What the exercise asks >>
The answer must repeat each line of the material exactly.

Extracted entries >>
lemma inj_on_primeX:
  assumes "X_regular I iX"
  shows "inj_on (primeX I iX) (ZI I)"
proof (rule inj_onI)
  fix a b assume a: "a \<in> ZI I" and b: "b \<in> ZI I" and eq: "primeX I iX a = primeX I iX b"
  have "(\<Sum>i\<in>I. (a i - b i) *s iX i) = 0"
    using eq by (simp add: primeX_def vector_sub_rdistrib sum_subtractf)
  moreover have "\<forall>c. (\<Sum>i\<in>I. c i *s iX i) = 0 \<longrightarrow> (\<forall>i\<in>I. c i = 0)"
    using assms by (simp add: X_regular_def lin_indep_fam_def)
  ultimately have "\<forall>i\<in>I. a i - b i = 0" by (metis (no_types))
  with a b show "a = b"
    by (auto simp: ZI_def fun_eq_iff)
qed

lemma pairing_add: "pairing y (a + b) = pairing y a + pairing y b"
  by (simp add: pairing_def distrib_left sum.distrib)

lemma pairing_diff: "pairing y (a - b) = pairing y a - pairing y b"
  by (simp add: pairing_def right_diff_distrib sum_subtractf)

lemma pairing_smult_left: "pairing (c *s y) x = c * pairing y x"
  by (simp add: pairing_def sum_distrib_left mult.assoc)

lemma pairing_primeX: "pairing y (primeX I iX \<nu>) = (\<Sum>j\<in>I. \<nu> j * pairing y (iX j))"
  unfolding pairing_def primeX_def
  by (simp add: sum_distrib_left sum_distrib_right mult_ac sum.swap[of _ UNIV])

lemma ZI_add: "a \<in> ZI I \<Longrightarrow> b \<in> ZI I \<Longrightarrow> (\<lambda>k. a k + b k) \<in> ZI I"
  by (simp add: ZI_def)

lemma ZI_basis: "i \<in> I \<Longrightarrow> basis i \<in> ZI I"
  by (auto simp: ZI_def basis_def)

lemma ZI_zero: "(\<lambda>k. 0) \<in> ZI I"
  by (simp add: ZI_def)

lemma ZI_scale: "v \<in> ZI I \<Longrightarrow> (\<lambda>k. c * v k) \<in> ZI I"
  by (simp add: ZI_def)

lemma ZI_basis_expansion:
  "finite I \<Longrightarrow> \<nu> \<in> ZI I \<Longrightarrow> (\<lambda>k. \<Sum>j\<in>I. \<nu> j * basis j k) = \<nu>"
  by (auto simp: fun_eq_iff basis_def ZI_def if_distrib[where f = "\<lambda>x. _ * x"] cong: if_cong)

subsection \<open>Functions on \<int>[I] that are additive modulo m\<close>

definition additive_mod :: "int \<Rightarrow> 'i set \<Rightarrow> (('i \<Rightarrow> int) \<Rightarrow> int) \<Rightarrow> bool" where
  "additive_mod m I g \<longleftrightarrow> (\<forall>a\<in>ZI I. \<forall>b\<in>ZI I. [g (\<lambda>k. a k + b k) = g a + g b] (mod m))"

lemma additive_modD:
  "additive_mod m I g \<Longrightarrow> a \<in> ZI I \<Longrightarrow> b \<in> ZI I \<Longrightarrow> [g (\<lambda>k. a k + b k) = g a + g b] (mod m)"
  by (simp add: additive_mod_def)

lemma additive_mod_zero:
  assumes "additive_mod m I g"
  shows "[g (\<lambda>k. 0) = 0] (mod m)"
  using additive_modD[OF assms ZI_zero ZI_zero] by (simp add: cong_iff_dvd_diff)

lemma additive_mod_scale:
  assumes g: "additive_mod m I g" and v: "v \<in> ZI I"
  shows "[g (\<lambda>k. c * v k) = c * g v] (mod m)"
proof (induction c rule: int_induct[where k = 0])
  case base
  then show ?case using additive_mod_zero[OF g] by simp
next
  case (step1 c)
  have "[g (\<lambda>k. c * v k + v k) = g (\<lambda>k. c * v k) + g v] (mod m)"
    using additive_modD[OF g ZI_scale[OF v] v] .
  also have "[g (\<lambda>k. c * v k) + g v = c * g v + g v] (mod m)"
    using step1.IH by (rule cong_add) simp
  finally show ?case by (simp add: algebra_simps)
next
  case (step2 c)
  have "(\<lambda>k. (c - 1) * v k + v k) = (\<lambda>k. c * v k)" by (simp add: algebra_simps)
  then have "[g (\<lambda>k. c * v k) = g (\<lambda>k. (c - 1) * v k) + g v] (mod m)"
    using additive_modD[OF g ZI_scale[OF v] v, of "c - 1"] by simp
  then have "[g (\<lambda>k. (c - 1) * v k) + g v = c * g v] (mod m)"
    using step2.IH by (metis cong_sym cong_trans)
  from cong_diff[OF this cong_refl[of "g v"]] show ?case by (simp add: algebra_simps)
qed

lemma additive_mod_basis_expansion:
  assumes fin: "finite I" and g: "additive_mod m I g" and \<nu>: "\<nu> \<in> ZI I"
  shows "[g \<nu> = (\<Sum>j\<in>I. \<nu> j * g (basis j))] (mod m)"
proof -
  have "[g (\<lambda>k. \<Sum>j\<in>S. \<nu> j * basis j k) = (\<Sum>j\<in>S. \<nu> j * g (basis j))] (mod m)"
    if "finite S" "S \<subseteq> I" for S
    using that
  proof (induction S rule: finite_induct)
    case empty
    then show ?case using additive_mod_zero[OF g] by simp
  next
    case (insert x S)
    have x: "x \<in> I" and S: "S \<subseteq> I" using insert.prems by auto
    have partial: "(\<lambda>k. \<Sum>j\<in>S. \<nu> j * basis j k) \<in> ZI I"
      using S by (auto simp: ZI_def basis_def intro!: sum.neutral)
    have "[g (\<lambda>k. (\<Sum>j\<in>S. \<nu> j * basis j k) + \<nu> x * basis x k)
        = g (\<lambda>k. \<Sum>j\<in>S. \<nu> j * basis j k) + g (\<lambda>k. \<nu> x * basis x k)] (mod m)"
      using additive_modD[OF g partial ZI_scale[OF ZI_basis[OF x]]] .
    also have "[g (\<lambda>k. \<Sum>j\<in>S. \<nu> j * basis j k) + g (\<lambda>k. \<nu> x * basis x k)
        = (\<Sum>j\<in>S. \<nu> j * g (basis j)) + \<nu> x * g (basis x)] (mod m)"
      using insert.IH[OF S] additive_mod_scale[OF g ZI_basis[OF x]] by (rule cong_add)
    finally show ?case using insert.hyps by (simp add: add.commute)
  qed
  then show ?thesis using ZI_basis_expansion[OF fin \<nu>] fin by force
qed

Response box >>
lemma inj_on_primeX:
  assumes "X_regular I iX"
  shows "inj_on (primeX I iX) (ZI I)"
proof (rule inj_onI)
  fix a b assume a: "a \<in> ZI I" and b: "b \<in> ZI I" and eq: "primeX I iX a = primeX I iX b"
  have "(\<Sum>i\<in>I. (a i - b i) *s iX i) = 0"
    using eq by (simp add: primeX_def vector_sub_rdistrib sum_subtractf)
  moreover have "\<forall>c. (\<Sum>i\<in>I. c i *s iX i) = 0 \<longrightarrow> (\<forall>i\<in>I. c i = 0)"
    using assms by (simp add: X_regular_def lin_indep_fam_def)
  ultimately have "\<forall>i\<in>I. a i - b i = 0" by (metis (no_types))
  with a b show "a = b"
    by (auto simp: ZI_def fun_eq_iff)
qed

lemma pairing_add: "pairing y (a + b) = pairing y a + pairing y b"
  by (simp add: pairing_def distrib_left sum.distrib)

lemma pairing_diff: "pairing y (a - b) = pairing y a - pairing y b"
  by (simp add: pairing_def right_diff_distrib sum_subtractf)

lemma pairing_smult_left: "pairing (c *s y) x = c * pairing y x"
  by (simp add: pairing_def sum_distrib_left mult.assoc)

lemma pairing_primeX: "pairing y (primeX I iX \<nu>) = (\<Sum>j\<in>I. \<nu> j * pairing y (iX j))"
  unfolding pairing_def primeX_def
  by (simp add: sum_distrib_left sum_distrib_right mult_ac sum.swap[of _ UNIV])

lemma ZI_add: "a \<in> ZI I \<Longrightarrow> b \<in> ZI I \<Longrightarrow> (\<lambda>k. a k + b k) \<in> ZI I"
  by (simp add: ZI_def)

lemma ZI_basis: "i \<in> I \<Longrightarrow> basis i \<in> ZI I"
  by (auto simp: ZI_def basis_def)

lemma ZI_zero: "(\<lambda>k. 0) \<in> ZI I"
  by (simp add: ZI_def)

lemma ZI_scale: "v \<in> ZI I \<Longrightarrow> (\<lambda>k. c * v k) \<in> ZI I"
  by (simp add: ZI_def)

lemma ZI_basis_expansion:
  "finite I \<Longrightarrow> \<nu> \<in> ZI I \<Longrightarrow> (\<lambda>k. \<Sum>j\<in>I. \<nu> j * basis j k) = \<nu>"
  by (auto simp: fun_eq_iff basis_def ZI_def if_distrib[where f = "\<lambda>x. _ * x"] cong: if_cong)

subsection \<open>Functions on \<int>[I] that are additive modulo m\<close>

definition additive_mod :: "int \<Rightarrow> 'i set \<Rightarrow> (('i \<Rightarrow> int) \<Rightarrow> int) \<Rightarrow> bool" where
  "additive_mod m I g \<longleftrightarrow> (\<forall>a\<in>ZI I. \<forall>b\<in>ZI I. [g (\<lambda>k. a k + b k) = g a + g b] (mod m))"

lemma additive_modD:
  "additive_mod m I g \<Longrightarrow> a \<in> ZI I \<Longrightarrow> b \<in> ZI I \<Longrightarrow> [g (\<lambda>k. a k + b k) = g a + g b] (mod m)"
  by (simp add: additive_mod_def)

lemma additive_mod_zero:
  assumes "additive_mod m I g"
  shows "[g (\<lambda>k. 0) = 0] (mod m)"
  using additive_modD[OF assms ZI_zero ZI_zero] by (simp add: cong_iff_dvd_diff)

lemma additive_mod_scale:
  assumes g: "additive_mod m I g" and v: "v \<in> ZI I"
  shows "[g (\<lambda>k. c * v k) = c * g v] (mod m)"
proof (induction c rule: int_induct[where k = 0])
  case base
  then show ?case using additive_mod_zero[OF g] by simp
next
  case (step1 c)
  have "[g (\<lambda>k. c * v k + v k) = g (\<lambda>k. c * v k) + g v] (mod m)"
    using additive_modD[OF g ZI_scale[OF v] v] .
  also have "[g (\<lambda>k. c * v k) + g v = c * g v + g v] (mod m)"
    using step1.IH by (rule cong_add) simp
  finally show ?case by (simp add: algebra_simps)
next
  case (step2 c)
  have "(\<lambda>k. (c - 1) * v k + v k) = (\<lambda>k. c * v k)" by (simp add: algebra_simps)
  then have "[g (\<lambda>k. c * v k) = g (\<lambda>k. (c - 1) * v k) + g v] (mod m)"
    using additive_modD[OF g ZI_scale[OF v] v, of "c - 1"] by simp
  then have "[g (\<lambda>k. (c - 1) * v k) + g v = c * g v] (mod m)"
    using step2.IH by (metis cong_sym cong_trans)
  from cong_diff[OF this cong_refl[of "g v"]] show ?case by (simp add: algebra_simps)
qed

lemma additive_mod_basis_expansion:
  assumes fin: "finite I" and g: "additive_mod m I g" and \<nu>: "\<nu> \<in> ZI I"
  shows "[g \<nu> = (\<Sum>j\<in>I. \<nu> j * g (basis j))] (mod m)"
proof -
  have "[g (\<lambda>k. \<Sum>j\<in>S. \<nu> j * basis j k) = (\<Sum>j\<in>S. \<nu> j * g (basis j))] (mod m)"
    if "finite S" "S \<subseteq> I" for S
    using that
  proof (induction S rule: finite_induct)
    case empty
    then show ?case using additive_mod_zero[OF g] by simp
  next
    case (insert x S)
    have x: "x \<in> I" and S: "S \<subseteq> I" using insert.prems by auto
    have partial: "(\<lambda>k. \<Sum>j\<in>S. \<nu> j * basis j k) \<in> ZI I"
      using S by (auto simp: ZI_def basis_def intro!: sum.neutral)
    have "[g (\<lambda>k. (\<Sum>j\<in>S. \<nu> j * basis j k) + \<nu> x * basis x k)
        = g (\<lambda>k. \<Sum>j\<in>S. \<nu> j * basis j k) + g (\<lambda>k. \<nu> x * basis x k)] (mod m)"
      using additive_modD[OF g partial ZI_scale[OF ZI_basis[OF x]]] .
    also have "[g (\<lambda>k. \<Sum>j\<in>S. \<nu> j * basis j k) + g (\<lambda>k. \<nu> x * basis x k)
        = (\<Sum>j\<in>S. \<nu> j * g (basis j)) + \<nu> x * g (basis x)] (mod m)"
      using insert.IH[OF S] additive_mod_scale[OF g ZI_basis[OF x]] by (rule cong_add)
    finally show ?case using insert.hyps by (simp add: add.commute)
  qed
  then show ?thesis using ZI_basis_expansion[OF fin \<nu>] fin by force
qed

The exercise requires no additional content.